Problem to work on
Go through the data below line by line and report how many lines contain "assumes", giving only that figure.

Data provided

lemma bounded_on_compact_of_bloch_weight_bound:
  assumes "0 \<le> \<alpha>" "compact K" "K \<subseteq> ball 0 1"
  shows "\<exists>C. \<forall>\<phi>. (\<forall>w\<in>ball 0 1. (1 - (cmod w)\<^sup>2) powr \<alpha> * cmod (\<phi> w) \<le> B) \<longrightarrow>
                (\<forall>z\<in>K. cmod (\<phi> z) \<le> C)"
proof -
  obtain r where r: "r < 1" "\<And>z. z \<in> K \<Longrightarrow> cmod z \<le> r"
    using compact_subset_ball_norm_le[OF assms(2,3)] by blast
  have "cmod (\<phi> z) \<le> B / (1 - r\<^sup>2) powr \<alpha>"
    if \<phi>: "\<forall>w\<in>ball 0 1. (1 - (cmod w)\<^sup>2) powr \<alpha> * cmod (\<phi> w) \<le> B" and z: "z \<in> K" for \<phi> z
  proof -
    have z1: "0 \<le> cmod z" "cmod z \<le> r" "z \<in> ball 0 1" using r z assms(3) by auto
    then have "0 \<le> r" by linarith
    then have pos: "0 < 1 - r\<^sup>2" using r by (simp add: abs_square_less_1)
    have "(1 - r\<^sup>2) powr \<alpha> \<le> (1 - (cmod z)\<^sup>2) powr \<alpha>"
      using z1 pos assms(1) by (intro powr_mono2 diff_left_mono power_mono) auto
    then have "(1 - r\<^sup>2) powr \<alpha> * cmod (\<phi> z) \<le> B"
      using \<phi> z1(3) by (meson mult_right_mono norm_ge_zero order_trans)
    then show ?thesis using pos by (simp add: field_simps)
  qed
  then show ?thesis by blast
qed

lemma bloch_derivs_convergent_subseq:
  fixes F :: "nat \<Rightarrow> complex \<Rightarrow> complex"
  assumes "0 \<le> \<alpha>" and hol: "\<And>n. F n holomorphic_on ball 0 1"
    and bd: "\<And>n z. z \<in> ball 0 1 \<Longrightarrow> (1 - (cmod z)\<^sup>2) powr \<alpha> * cmod (deriv (F n) z) \<le> B"
  obtains r k where "strict_mono r" "k holomorphic_on ball 0 1"
    "\<And>z. z \<in> ball 0 1 \<Longrightarrow> (1 - (cmod z)\<^sup>2) powr \<alpha> * cmod (k z) \<le> B"
    "\<And>K. compact K \<Longrightarrow> K \<subseteq> ball 0 1 \<Longrightarrow> uniform_limit K (\<lambda>n. deriv (F (r n))) k sequentially"
proof -
  define \<H> where "\<H> = {\<phi>. \<phi> holomorphic_on ball 0 1 \<and>
                         (\<forall>w\<in>ball 0 1. (1 - (cmod w)\<^sup>2) powr \<alpha> * cmod (\<phi> w) \<le> B)}"
  have rng: "range (\<lambda>n. deriv (F n)) \<subseteq> \<H>"
    using bd holomorphic_deriv[OF hol open_ball] by (auto simp: \<H>_def)
  have bnd: "\<exists>C. \<forall>\<phi>\<in>\<H>. \<forall>z\<in>K. cmod (\<phi> z) \<le> C" if K: "compact K" "K \<subseteq> ball 0 1" for K
  proof -
    obtain C where "\<forall>\<phi>. (\<forall>w\<in>ball 0 1. (1 - (cmod w)\<^sup>2) powr \<alpha> * cmod (\<phi> w) \<le> B) \<longrightarrow>
                          (\<forall>z\<in>K. cmod (\<phi> z) \<le> C)"
      using bounded_on_compact_of_bloch_weight_bound[OF assms(1) K] by blast
    then show ?thesis by (auto simp: \<H>_def)
  qed
  obtain k r where k: "k holomorphic_on ball 0 1" and r: "strict_mono (r :: nat \<Rightarrow> nat)"
    and ptw: "\<And>x. x \<in> ball 0 1 \<Longrightarrow> ((\<lambda>n. deriv (F (r n)) x) \<longlongrightarrow> k x) sequentially"
    and unif: "\<And>K. \<lbrakk>compact K; K \<subseteq> ball 0 1\<rbrakk> \<Longrightarrow> uniform_limit K ((\<lambda>n. deriv (F n)) \<circ> r) k sequentially"
    by (rule Montel[OF open_ball _ bnd rng]) (auto simp: \<H>_def)
  have "(1 - (cmod z)\<^sup>2) powr \<alpha> * cmod (k z) \<le> B" if z: "z \<in> ball 0 1" for z
  proof (rule LIMSEQ_le_const2)
    show "(\<lambda>n. (1 - (cmod z)\<^sup>2) powr \<alpha> * cmod (deriv (F (r n)) z)) \<longlonglongrightarrow> (1 - (cmod z)\<^sup>2) powr \<alpha> * cmod (k z)"
      by (intro tendsto_mult_left tendsto_norm ptw z)
  qed (use bd z in auto)
  then show ?thesis
    using unif unfolding comp_def by (rule that[OF r k])
qed

lemma bloch0_bounded_seq_deriv_subseq:
  fixes F :: "nat \<Rightarrow> complex \<Rightarrow> complex"
  assumes "0 \<le> \<alpha>" and F: "\<And>n. F n \<in> bloch0 \<alpha>" and B: "\<And>n. bloch_norm \<alpha> (F n) \<le> B"
  obtains r h where "strict_mono r" "h \<in> bloch0 \<alpha>" "bloch_norm \<alpha> h \<le> B"
    "\<And>K. compact K \<Longrightarrow> K \<subseteq> ball 0 1 \<Longrightarrow> uniform_limit K (\<lambda>n. deriv (F (r n))) (deriv h) sequentially"
proof -
  have hol: "\<And>n. F n holomorphic_on ball 0 1"
    using F by (auto simp: bloch0_def bloch_space_def)
  have weight: "(1 - (cmod z)\<^sup>2) powr \<alpha> * cmod (deriv (F n) z) \<le> B" if "z \<in> ball 0 1" for n z
    using bloch_weight_le_bloch_norm[of "F n" \<alpha> z] F[of n] B[of n] that by (auto simp: bloch0_def)
  obtain r k where r: "strict_mono r" and k: "k holomorphic_on ball 0 1"
    and kB: "\<And>z. z \<in> ball 0 1 \<Longrightarrow> (1 - (cmod z)\<^sup>2) powr \<alpha> * cmod (k z) \<le> B"
    and unif: "\<And>K. compact K \<Longrightarrow> K \<subseteq> ball 0 1 \<Longrightarrow> uniform_limit K (\<lambda>n. deriv (F (r n))) k sequentially"
    using bloch_derivs_convergent_subseq[where F = F, OF assms(1) hol weight] by blast
  have "0 \<in> ball (0::complex) 1" by simp
  then obtain h where h0: "h 0 = 0" and h: "\<And>z. z \<in> ball 0 1 \<Longrightarrow> (h has_field_derivative k z) (at z)"
    using holomorphic_convex_primitive_vanishing[OF convex_ball open_ball _ k] by blast
  have dh: "deriv h z = k z" if "z \<in> ball 0 1" for z
    using DERIV_imp_deriv[OF h[OF that]] .
  have "h holomorphic_on ball 0 1"
    unfolding holomorphic_on_open[OF open_ball] using h by blast
  then have "h \<in> bloch0 \<alpha>" "bloch_norm \<alpha> h \<le> B"
    using kB dh h0 by (auto simp: bloch0_def intro!: bloch_spaceI bloch_norm_le)
  moreover have "uniform_limit K (\<lambda>n. deriv (F (r n))) (deriv h) sequentially"
    if "compact K" "K \<subseteq> ball 0 1" for K
  proof -
    have "uniform_limit K (\<lambda>n. deriv (F (r n))) k sequentially
          \<longleftrightarrow> uniform_limit K (\<lambda>n. deriv (F (r n))) (deriv h) sequentially"
      using dh that(2) by (intro uniform_limit_cong') auto
    then show ?thesis using unif[OF that] by simp
  qed
  ultimately show ?thesis by (rule that[OF r])
qed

Final answer
3